What A Good Pulse Looks Like

  • trade imbalance is expanding, not just flickering
  • buyer participation is broadening instead of staying concentrated
  • liquidity is still refilling as the move develops
  • slippage pressure is low enough that exits still look realistic

If those conditions break, the score should cool down quickly.

Example Output

PULSE // FLOW ALERT

[HIGH] BONK
pulse score        1.34
regime             bullish
buyer accel        strong
liq delta          positive
slippage pressure  12 bps

operator note: flow is broadening and depth still looks exitable

Technical Spec

Pulse builds a short-horizon composite score from five flow components:

Pulse_t = 0.30 * z(trade_imbalance_30s) + 0.25 * z(unique_buyers_accel_2m) + 0.20 * z(liquidity_delta_1m) + 0.15 * z(wallet_entropy_5m - 0.5) - 0.10 * z(slippage_pressure_30s)

Where:

  • trade_imbalance_30s measures directional aggression in the most recent burst window
  • unique_buyers_accel_2m rewards broadening participation instead of one-wallet prints
  • liquidity_delta_1m measures how quickly liquidity is disappearing or refilling
  • wallet_entropy_5m penalizes overly concentrated flow
  • slippage_pressure_30s penalizes setups that look good on paper but are hard to exit cleanly

Regime classification uses hysteresis so Pulse does not flap between states:

  • enter bullish when pulseScore >= 1.25 and trailingPulseScore >= 0.40
  • remain bullish until pulseScore < 0.60
  • mark cooldown when either pulse or trailing confirmation drops below zero

Execution-quality guardrails:

  • reject high-conviction pulses when topbookDepthUsd < MIN_TOPBOOK_DEPTH_USD
  • cap conviction when slippagePressure30s > MAX_SLIPPAGE_PRESSURE_BPS
  • increase re-entry delay as realized volatility expands relative to VOLATILITY_BASELINE_BPS

Severity is not just size-based.
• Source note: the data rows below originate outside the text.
(* Let $n$ be a positive integer such that $p=18(2n+1)^2+1$ is prime. Then for every primitive root $g$ of $\mathbb F_p$, $$(-1)^{|\tau_g|}=(-1)^{n+1}.$$
   Context: Let $p$ be an odd prime, $\mathbb F_p$ the field with $p$ elements, identified with $\{0,1,\ldots,p-1\}$, and $\mathcal H_p=\{1,2,\ldots,(p-1)/2\}\subseteq\mathbb F_p$. For a primitive root $g$ of $\mathbb F_p$, $\tau_g$ is the permutation of $\mathcal H_p$ given by $\tau_g(b)=g^b$ if $g^b\in\mathcal H_p$ and $\tau_g(b)=-g^b$ if $g^b\notin\mathcal H_p$ (for $b\in\mathcal H_p$). For a permutation $\pi$, $(-1)^{|\pi|}$ denotes its sign. *)

theory Defs
  imports "HOL-Number_Theory.Number_Theory" "HOL-Combinatorics.Combinatorics"
begin

text \<open>Elements of F_p are identified with {0,...,p-1}; H_p = {1,...,(p-1)/2}.\<close>
definition half_set :: "nat \<Rightarrow> nat set" where
  "half_set p = {1..(p - 1) div 2}"

definition tau :: "nat \<Rightarrow> nat \<Rightarrow> nat \<Rightarrow> nat" where
  "tau p g b = (let r = g ^ b mod p in if r \<in> half_set p then r else p - r)"

end

theory Submission
  imports Defs "HOL-Library.Product_Lexorder"
begin

text \<open>
  Put \<open>h = (p - 1) / 2 = x^2\<close> with \<open>x = 3 (2n + 1)\<close>, and let \<open>a = g^2\<close>, an element of order \<open>h\<close>.
  Since \<open>\<tau>(b)^2 \<equiv> a^b\<close>, comparing the Vandermonde products \<open>V(y) = \<Prod>\<^sub>i\<^sub><\<^sub>j (y\<^sub>j - y\<^sub>i)\<close>
  of \<open>(1^2, \<dots>, h^2)\<close> and of \<open>(a, \<dots>, a^h)\<close> gives \<open>sign \<tau> \<cdot> V(1^2, \<dots>, h^2) \<equiv> V(a, \<dots>, a^h)\<close>
  modulo \<open>p\<close>, and Wilson's theorem gives \<open>V(1^2, \<dots>, h^2) \<equiv> 1\<close>. To evaluate \<open>V(a, \<dots>, a^h)\<close>,
  index the exponents by a square grid, \<open>e - 1 = q x + r\<close>: traversing the pairs column by column
  costs the sign \<open>(-1)^(C^2)\<close> with \<open>C = x (x - 1) / 2\<close>, and both the product inside the columns
  and the product across columns are congruent to \<open>W^x\<close>, where \<open>W\<close> is the Vandermonde product of
  the powers of \<open>a^x\<close>, an element of odd order \<open>x\<close>. As \<open>W^2 \<equiv> (-1)^C x^x\<close>, this yields
  \<open>V(a, \<dots>, a^h) \<equiv> x^h\<close>, which is \<open>(-1)^((x - 1) / 2) = (-1)^(n + 1)\<close> by Euler's criterion and
  quadratic reciprocity, because \<open>p \<equiv> 1\<close> modulo every prime factor of \<open>x\<close>.
\<close>

section \<open>Vandermonde products over tournaments\<close>

definition tournament_on :: "'a set \<Rightarrow> ('a \<Rightarrow> 'a \<Rightarrow> bool) \<Rightarrow> bool" where
  "tournament_on A R \<longleftrightarrow>
    (\<forall>i\<in>A. \<forall>j\<in>A. R i j \<longrightarrow> \<not> R j i) \<and> (\<forall>i\<in>A. \<forall>j\<in>A. i \<noteq> j \<longrightarrow> R i j \<or> R j i)"

definition ordered_pairs :: "('a \<Rightarrow> 'a \<Rightarrow> bool) \<Rightarrow> 'a set \<Rightarrow> ('a \<times> 'a) set" where
  "ordered_pairs R A = {(i, j). i \<in> A \<and> j \<in> A \<and> R i j}"

definition vandermonde :: "('a \<Rightarrow> 'a \<Rightarrow> bool) \<Rightarrow> 'a set \<Rightarrow> ('a \<Rightarrow> 'b::comm_ring_1) \<Rightarrow> 'b" where
  "vandermonde R A y = (\<Prod>(i, j)\<in>ordered_pairs R A. y j - y i)"

lemma finite_ordered_pairs [simp]: "finite A \<Longrightarrow> finite (ordered_pairs R A)"
  unfolding ordered_pairs_def by (rule finite_subset[of _ "A \<times> A"]) auto

lemma tournament_on_less: "tournament_on A ((<) :: 'a::linorder \<Rightarrow> _)"
  unfolding tournament_on_def by auto

lemma tournament_on_inj_on:
  fixes f :: "'a \<Rightarrow> 'b::linorder"
  assumes "inj_on f A"
  shows "tournament_on A (\<lambda>i j. f i < f j)"
proof -
  have "f i < f j \<or> f j < f i" if "i \<in> A" "j \<in> A" "i \<noteq> j" for i j
    using assms that by (metis inj_onD linorder_neqE)
  then show ?thesis
    unfolding tournament_on_def by auto
qed

lemma ordered_pairs_tournament_split:
  assumes "tournament_on A R" "tournament_on A S"
  shows "ordered_pairs R A =
      ordered_pairs R A \<inter> ordered_pairs S A \<union> {(i, j). i \<in> A \<and> j \<in> A \<and> R i j \<and> S j i}"
    and "ordered_pairs R A \<inter> ordered_pairs S A \<inter> {(i, j). i \<in> A \<and> j \<in> A \<and> R i j \<and> S j i} = {}"
proof -
  have "S i j \<or> S j i" if "i \<in> A" "j \<in> A" "R i j" for i j
    using assms that unfolding tournament_on_def by (cases "i = j") blast+
  moreover have "\<not> (S i j \<and> S j i)" if "i \<in> A" "j \<in> A" for i j
    using assms(2) that unfolding tournament_on_def by blast
  ultimately show "ordered_pairs R A =
      ordered_pairs R A \<inter> ordered_pairs S A \<union> {(i, j). i \<in> A \<and> j \<in> A \<and> R i j \<and> S j i}"
    "ordered_pairs R A \<inter> ordered_pairs S A \<inter> {(i, j). i \<in> A \<and> j \<in> A \<and> R i j \<and> S j i} = {}"
    unfolding ordered_pairs_def by auto
qed

lemma vandermonde_change_order:
  assumes "finite A" and "tournament_on A R" and "tournament_on A S"
  shows "vandermonde R A y =
    (-1) ^ card {(i, j). i \<in> A \<and> j \<in> A \<and> R i j \<and> S j i} * vandermonde S A y"
proof -
  define d where "d = (\<lambda>(i, j). y j - y i)"
  define X where "X = {(i, j). i \<in> A \<and> j \<in> A \<and> R i j \<and> S j i}"
  define Y where "Y = ordered_pairs R A \<inter> ordered_pairs S A"
  have "{(i, j). i \<in> A \<and> j \<in> A \<and> S i j \<and> R j i} = prod.swap ` X"
    unfolding X_def by auto
  then have R_split: "ordered_pairs R A = Y \<union> X" "Y \<inter> X = {}"
    and S_split: "ordered_pairs S A = Y \<union> prod.swap ` X" "Y \<inter> prod.swap ` X = {}"
    using ordered_pairs_tournament_split[OF assms(2,3)] ordered_pairs_tournament_split[OF assms(3,2)]
    unfolding X_def[symmetric] Y_def by (simp_all add: Int_commute)
  have fin: "finite X" "finite Y"
    using \<open>finite A\<close> R_split(1) unfolding Y_def by (metis finite_Un finite_ordered_pairs)+
  have "prod d (prod.swap ` X) = (\<Prod>q\<in>X. - d q)"
    by (subst prod.reindex) (simp_all add: d_def split_def)
  also have "\<dots> = (-1) ^ card X * prod d X"
    by (rule prod_uminus)
  finally have swap: "prod d (prod.swap ` X) = (-1) ^ card X * prod d X" .
  have "vandermonde R A y = prod d Y * prod d X"
    unfolding vandermonde_def d_def[symmetric] R_split by (rule prod.union_disjoint) (use fin R_split in auto)
  moreover have "vandermonde S A y = prod d Y * ((-1) ^ card X * prod d X)"
    unfolding vandermonde_def d_def[symmetric] S_split swap[symmetric]
    by (rule prod.union_disjoint) (use fin S_split in auto)
  ultimately show ?thesis
    unfolding X_def[symmetric] by (simp add: mult_ac flip: power_add)
qed

lemma vandermonde_reindex:
  assumes "bij_betw \<phi> A B" and "\<And>i j. i \<in> A \<Longrightarrow> j \<in> A \<Longrightarrow> R i j \<longleftrightarrow> S (\<phi> i) (\<phi> j)"
  shows "vandermonde R A (y \<circ> \<phi>) = vandermonde S B y"
proof -
  define m where "m = map_prod \<phi> \<phi>"
  have "inj_on m (ordered_pairs R A)"
    using assms(1) unfolding m_def bij_betw_def inj_on_def ordered_pairs_def by auto
  moreover have "m ` ordered_pairs R A = ordered_pairs S B"
    using assms unfolding m_def bij_betw_def ordered_pairs_def by (force simp: image_iff)
  ultimately have "bij_betw m (ordered_pairs R A) (ordered_pairs S B)"
    by (simp add: bij_betw_def)
  then show ?thesis
    unfolding vandermonde_def by (subst prod.reindex_bij_betw[symmetric, of m]) (simp_all add: m_def split_def)
qed

lemma vandermonde_scale:
  "vandermonde R A (\<lambda>i. c * y i) = c ^ card (ordered_pairs R A) * vandermonde R A y"
  unfolding vandermonde_def by (simp add: right_diff_distrib[symmetric] prod.distrib split_def)

lemma vandermonde_less_nested:
  fixes y :: "'a::linorder \<Rightarrow> 'b::comm_ring_1"
  assumes "finite A"
  shows "vandermonde (<) A y = (\<Prod>j\<in>A. \<Prod>i\<in>{i\<in>A. i < j}. y j - y i)"
proof -
  have "ordered_pairs (<) A = prod.swap ` (SIGMA j:A. {i\<in>A. i < j})"
    unfolding ordered_pairs_def by force
  then have "vandermonde (<) A y = (\<Prod>(j, i)\<in>(SIGMA j:A. {i\<in>A. i < j}). y j - y i)"
    unfolding vandermonde_def by (simp add: prod.reindex split_def)
  also have "\<dots> = (\<Prod>j\<in>A. \<Prod>i\<in>{i\<in>A. i < j}. y j - y i)"
    using assms by (simp add: prod.Sigma)
  finally show ?thesis .
qed

definition inversions :: "('a::linorder \<Rightarrow> 'a) \<Rightarrow> 'a set \<Rightarrow> ('a \<times> 'a) set" where
  "inversions \<pi> A = {(i, j). i \<in> A \<and> j \<in> A \<and> i < j \<and> \<pi> j < \<pi> i}"

lemma vandermonde_comp_inversions:
  assumes "finite A" and "bij_betw \<pi> A A"
  shows "vandermonde (<) A (y \<circ> \<pi>) = (-1) ^ card (inversions \<pi> A) * vandermonde (<) A y"
proof -
  have "tournament_on A (\<lambda>i j. \<pi> i < \<pi> j)"
    using bij_betw_imp_inj_on[OF assms(2)] by (rule tournament_on_inj_on)
  then have "vandermonde (<) A (y \<circ> \<pi>) =
      (-1) ^ card (inversions \<pi> A) * vandermonde (\<lambda>i j. \<pi> i < \<pi> j) A (y \<circ> \<pi>)"
    unfolding inversions_def by (rule vandermonde_change_order[OF assms(1) tournament_on_less])
  also have "vandermonde (\<lambda>i j. \<pi> i < \<pi> j) A (y \<circ> \<pi>) = vandermonde (<) A y"
    by (rule vandermonde_reindex[OF assms(2)]) simp
  finally show ?thesis .
qed

lemma card_inversions_transpose:
  fixes a b :: "'a::linorder"
  assumes "finite A" "a \<in> A" "b \<in> A" "a < b"
  shows "card (inversions (Transposition.transpose a b) A) = 2 * card {c \<in> A. a < c \<and> c < b} + 1"
proof -
  define M where "M = {c \<in> A. a < c \<and> c < b}"
  define U where "U = Pair a ` M \<union> (\<lambda>c. (c, b)) ` M"
  have "finite M" "a \<notin> M" "b \<notin> M"
    using assms(1) unfolding M_def by auto
  have "inversions (Transposition.transpose a b) A = insert (a, b) U"
  proof (intro equalityI subsetI)
    fix q assume "q \<in> inversions (Transposition.transpose a b) A"
    then obtain i j where "q = (i, j)" "i \<in> A" "j \<in> A" "i < j"
      "Transposition.transpose a b j < Transposition.transpose a b i"
      unfolding inversions_def by blast
    then show "q \<in> insert (a, b) U"
      using \<open>a < b\<close> unfolding U_def M_def transpose_def by (auto split: if_splits)
  next
    fix q assume "q \<in> insert (a, b) U"
    then show "q \<in> inversions (Transposition.transpose a b) A"
      using assms unfolding U_def M_def inversions_def transpose_def by auto
  qed
  also have "card (insert (a, b) U) = Suc (card U)"
    by (rule card_insert_disjoint) (use \<open>finite M\<close> \<open>a \<notin> M\<close> \<open>b \<notin> M\<close> in \<open>auto simp: U_def\<close>)
  also have "card U = card M + card M"
    unfolding U_def
    by (subst card_Un_disjoint) (use \<open>finite M\<close> \<open>a \<notin> M\<close> in \<open>auto simp: card_image inj_on_def\<close>)
  finally show ?thesis
    unfolding M_def by simp
qed

lemma vandermonde_comp_transpose:
  fixes y :: "'a::linorder \<Rightarrow> 'b::comm_ring_1"
  assumes "finite A" "a \<in> A" "b \<in> A" "a \<noteq> b"
  shows "vandermonde (<) A (y \<circ> Transposition.transpose a b) = - vandermonde (<) A y"
proof -
  have odd_transpose: "odd (card (inversions (Transposition.transpose a b) A))" if "a < b" "a \<in> A" "b \<in> A" for a b
    using card_inversions_transpose[OF \<open>finite A\<close> that(2,3,1)] by simp
  have odd: "odd (card (inversions (Transposition.transpose a b) A))"
    using assms odd_transpose[of a b] odd_transpose[of b a] by (cases "a < b") (auto simp: transpose_commute)
  have bij: "bij_betw (Transposition.transpose a b) A A"
    using assms permutes_imp_bij permutes_swap_id by metis
  show ?thesis
    by (simp add: vandermonde_comp_inversions[OF assms(1) bij] neg_one_odd_power[OF odd])
qed

lemma vandermonde_comp_permutes:
  fixes y :: "'a::linorder \<Rightarrow> 'b::comm_ring_1"
  assumes "\<pi> permutes A" "finite A"
  shows "vandermonde (<) A (y \<circ> \<pi>) = of_int (sign \<pi>) * vandermonde (<) A y"
  using assms
proof (induction \<pi> arbitrary: y rule: permutes_induct)
  case id
  then show ?case by simp
next
  case (swap a b \<pi>)
  have "vandermonde (<) A (y \<circ> (Transposition.transpose a b \<circ> \<pi>)) =
      of_int (sign \<pi>) * vandermonde (<) A (y \<circ> Transposition.transpose a b)"
    using swap.IH[of "y \<circ> Transposition.transpose a b"] by (simp only: comp_assoc)
  also have "\<dots> = of_int (- sign \<pi>) * vandermonde (<) A y"
    unfolding vandermonde_comp_transpose[OF \<open>finite A\<close> swap.hyps(1-3)] by simp
  also have "- sign \<pi> = sign (Transposition.transpose a b \<circ> \<pi>)"
    using swap.hyps permutes_imp_permutation[OF \<open>finite A\<close>]
    by (simp add: sign_compose permutation_swap_id sign_swap_id)
  finally show ?case .
qed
A mid-sized burst can still rank high if the pulse score is extreme and breadth confirms continuation.

Risk Controls

  • depth filter: rejects bursts that are too thin to exit cleanly
  • slippage cap: prevents high-scoring but untradeable setups from being promoted
  • regime hysteresis: reduces flapping between bullish and cooldown states
  • re-entry delay: slows the engine down when volatility expands too quickly

Pulse is intentionally strict because a fast signal without exit quality is usually worse than no signal at all.

Architecture

Helius transaction feed
  -> flow metric enrichment
  -> pulse score + regime model
  -> Claude validation loop
  -> rolling pulse report

Quick Start

git clone https://github.com/PulseSolana/Pulse
cd Pulse && bun install
cp .env.example .env
bun run dev

Configuration

ANTHROPIC_API_KEY=sk-ant-...
HELIUS_API_KEY=...
SOLANA_RPC_URL=https://mainnet.helius-rpc.com/?api-key=...
ALERT_THRESHOLD_USD=75000
BULLISH_PULSE_THRESHOLD=1.25
MIN_TOPBOOK_DEPTH_USD=25000
MAX_SLIPPAGE_PRESSURE_BPS=32
SCAN_INTERVAL_MS=30000

Legitimacy Notes

Support Docs

License

MIT


catch the burst before the breakout looks obvious.